The judges’ first whiskey met mixed results. The aroma was described as “overpowering,” but the taste varied from “hot and woody” to “well balanced with a clean finish.” Many judges said they wanted to try the Glacier Dew with a sweet mixer that would cut through the nose and soften the taste.

Best comment: “Smooth, clean and sweet, but not with an overwhelming body. I’d like to date this one.”

Special Jury Prize Snifter

Hopshnop, Whistling Andy Distillery, Bigfork

$37.20, 68 proof

Distillery description: “A unique spirit distilled from grain with hops from Blackfoot River Brewing Company’s single malt IPA.”

Our score: 35

This format-buster immediately turned heads and many judges asked for a second tasting. Part of the appeal was simply trying to figure out how to classify it. “Tastes extremely familiar, but can’t quite place it,” said one judge who called Hopshnop a “sip-worthy spirit.” The floral aroma also wowed most judges, with one saying she’d almost rather “dab it on her wrists” than drink it. Overall, the mellow finish left our judges intrigued and wanting more.

Best comment: “Light some candles, put on some R. Kelly, I wanna make love.”

Montana Moonshine, Willie’s Distillery, Ennis

$26.20, 90 proof

Distillery description: “Made with four Montana grains and gently distilled to bring out the full flavor. It is what whiskey looks and tastes like before it goes into a barrel.”

Our score: 26

Our judges immediately pegged this one as moonshine based on its distinct corn flavor and aroma. “I’d only drink this if I were below the Mason-Dixon line,” said one. “Deliverance,” quipped another. But even those who weren’t huge fans appreciated some of its flavors: “Not for me, but lots of character in every sip.”

Best comment: “Down home meets downtown.”

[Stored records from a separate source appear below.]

lemma amp_mmul:
  assumes n: "n \<ge> 1" and jk: "j \<le> k"
  shows "block_eq (n^k) (mmul (n^k) (amp n j k A) (amp n j k B)) (amp n j k (mmul (n^j) A B))"
  unfolding block_eq_def
proof (intro allI impI)
  fix i i'
  define m where "m = n ^ (k - j)"
  have m: "m > 0" using n by (simp add: m_def)
  have inner: "(\<Sum>r<m. amp n j k A i (t * m + r) * amp n j k B (t * m + r) i')
      = (if i mod m = i' mod m then A (i div m) t * B t (i' div m) else 0)" for t
  proof -
    have "(\<Sum>r<m. amp n j k A i (t * m + r) * amp n j k B (t * m + r) i')
        = (\<Sum>r<m. if r = i mod m then (if i mod m = i' mod m then A (i div m) t * B t (i' div m) else 0) else 0)"
    proof (rule sum.cong[OF refl])
      fix r assume "r \<in> {..<m}"
      then have "(t * m + r) div m = t" "(t * m + r) mod m = r" using m by auto
      then show "amp n j k A i (t * m + r) * amp n j k B (t * m + r) i'
          = (if r = i mod m then (if i mod m = i' mod m then A (i div m) t * B t (i' div m) else 0) else 0)"
        unfolding amp_apply m_def[symmetric] by auto
    qed
    then show ?thesis using m by (simp add: sum.delta')
  qed
  have "mmul (n^k) (amp n j k A) (amp n j k B) i i'
      = (\<Sum>t<n^j. \<Sum>r<m. amp n j k A i (t * m + r) * amp n j k B (t * m + r) i')"
    unfolding mmul_def power_split_le[OF jk] m_def by (rule sum_lessThan_mult_split)
  also have "\<dots> = amp n j k (mmul (n^j) A B) i i'"
    unfolding inner by (simp add: amp_apply mmul_def flip: m_def)
  finally show "mmul (n^k) (amp n j k A) (amp n j k B) i i' = amp n j k (mmul (n^j) A B) i i'" .
qed

lemma amp_mpow:
  assumes n: "n \<ge> 1" and jk: "j \<le> k"
  shows "block_eq (n^k) (mpow (n^k) (amp n j k A) p) (amp n j k (mpow (n^j) A p))"
proof (induction p)
  case 0 then show ?case using amp_mone[OF n] by simp
next
  case (Suc p)
  have "block_eq (n^k) (mmul (n^k) (mpow (n^k) (amp n j k A) p) (amp n j k A))
                       (mmul (n^k) (amp n j k (mpow (n^j) A p)) (amp n j k A))"
    by (rule mmul_block_cong[OF Suc block_eq_refl])
  also have "block_eq (n^k) \<dots> (amp n j k (mpow (n^j) A (Suc p)))"
    using amp_mmul[OF n jk] by simp
  finally show ?case by simp
qed

lemma mtrace_amp:
  assumes n: "n \<ge> 1" and jk: "j \<le> k"
  shows "mtrace (n^k) (amp n j k A) = of_nat (n^(k-j)) * mtrace (n^j) A"
proof -
  define m where "m = n ^ (k - j)"
  have m: "m > 0" using n by (simp add: m_def)
  have "mtrace (n^k) (amp n j k A) = (\<Sum>t<n^j. \<Sum>r<m. amp n j k A (t * m + r) (t * m + r))"
    unfolding mtrace_def power_split_le[OF jk] m_def by (rule sum_lessThan_mult_split)
  also have "\<dots> = (\<Sum>t<n^j. \<Sum>r<m. A t t)"
  proof (intro sum.cong refl)
    fix t r assume "r \<in> {..<m}"
    then have "(t * m + r) div m = t" using m by auto
    then show "amp n j k A (t * m + r) (t * m + r) = A t t" unfolding amp_apply m_def[symmetric] by simp
  qed
  finally show ?thesis unfolding mtrace_def by (simp add: sum_distrib_left m_def)
qed

lemma amp_amp:
  assumes n: "n \<ge> 1" and jj: "j \<le> j'" and jk: "j' \<le> k"
  shows "amp n j' k (amp n j j' A) = amp n j k A"
proof (intro ext)
  fix i i'
  define m1 where "m1 = n ^ (k - j')"
  define m2 where "m2 = n ^ (j' - j)"
  have "k - j = (k - j') + (j' - j)" using jj jk by simp
  then have m12: "n ^ (k - j) = m1 * m2" unfolding m1_def m2_def by (simp add: power_add)
  have m1: "m1 > 0" using n by (simp add: m1_def)
  have mm: "x mod (m1 * m2) = m1 * (x div m1 mod m2) + x mod m1" for x by (rule mod_mult2_eq)
  have cond: "(i mod m1 = i' mod m1 \<and> i div m1 mod m2 = i' div m1 mod m2)
      \<longleftrightarrow> i mod (m1 * m2) = i' mod (m1 * m2)"
  proof
    assume "i mod (m1 * m2) = i' mod (m1 * m2)"
    then have e: "m1 * (i div m1 mod m2) + i mod m1 = m1 * (i' div m1 mod m2) + i' mod m1"
      by (simp add: mm)
    show "i mod m1 = i' mod m1 \<and> i div m1 mod m2 = i' div m1 mod m2"
      using arg_cong[OF e, of "\<lambda>x. x mod m1"] arg_cong[OF e, of "\<lambda>x. x div m1"] m1 by simp
  qed (simp add: mm)
  show "amp n j' k (amp n j j' A) i i' = amp n j k A i i'"
    unfolding amp_apply m1_def[symmetric] m2_def[symmetric] m12 div_mult2_eq[symmetric] using cond by auto
qed

section \<open>A logarithm of the determinant\<close>

definition mat_of :: "nat \<Rightarrow> cmat \<Rightarrow> complex mat" where
  "mat_of N a = mat N N (\<lambda>(i,j). a i j)"

lemma mat_of_carrier [simp]: "mat_of N a \<in> carrier_mat N N"
  unfolding mat_of_def by simp

lemma mat_of_dim [simp]: "dim_row (mat_of N a) = N" "dim_col (mat_of N a) = N"
  unfolding mat_of_def by simp_all

lemma mat_of_index [simp]: "i < N \<Longrightarrow> j < N \<Longrightarrow> mat_of N a $$ (i,j) = a i j"
  unfolding mat_of_def by simp

lemma mat_of_mmul: "mat_of N (mmul N a b) = mat_of N a * mat_of N b"
  by (rule eq_matI) (auto simp: mmul_def scalar_prod_def atLeast0LessThan)

lemma mat_of_mone: "mat_of N mone = 1\<^sub>m N"
  by (rule eq_matI) (auto simp: mone_def)

lemma mat_of_mpow: "mat_of N (mpow N a p) = mat_of N a ^\<^sub>m p"
  by (induction p) (simp_all add: mat_of_mone mat_of_mmul)

lemma mat_of_mscale: "mat_of N (mscale s a) = s \<cdot>\<^sub>m mat_of N a"
  by (rule eq_matI) (auto simp: mscale_def)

Special Jury Prize Snifter

RoughStock Black Label, RoughStock Distillery, Bozeman

$64.10, 125 proof

Distillery description: “The single barrel version of Roughstock’s Montana Pure Malt Whiskey. The whiskey is untouched: uncut, unfiltered, and unadulterated in any way and at actual cask strength.”

Our score: 35

Whoa, Nellie. This cask-strength whiskey will put some hair on your chest. Our judges were excited to see an actual brown liquor arrive at the tasting, but those feelings were quickly tempered by Black Label’s overpowering taste. “This just kicks you upside the head!” said one judge. “You could light your breath on fire with this, right?” asked another. Despite its aggressiveness, fans of traditional whiskeys appreciated the Black Label’s long legs in the glass (“Cindy Crawford would be jealous”) and picked up the wood notes in the finish. Overall, it turned out to be an all-or-nothing selection for the judges, with enough alls to put it on the podium.

Best comment: “Wise beyond its years—and bodes well for how it might taste in a couple more years.”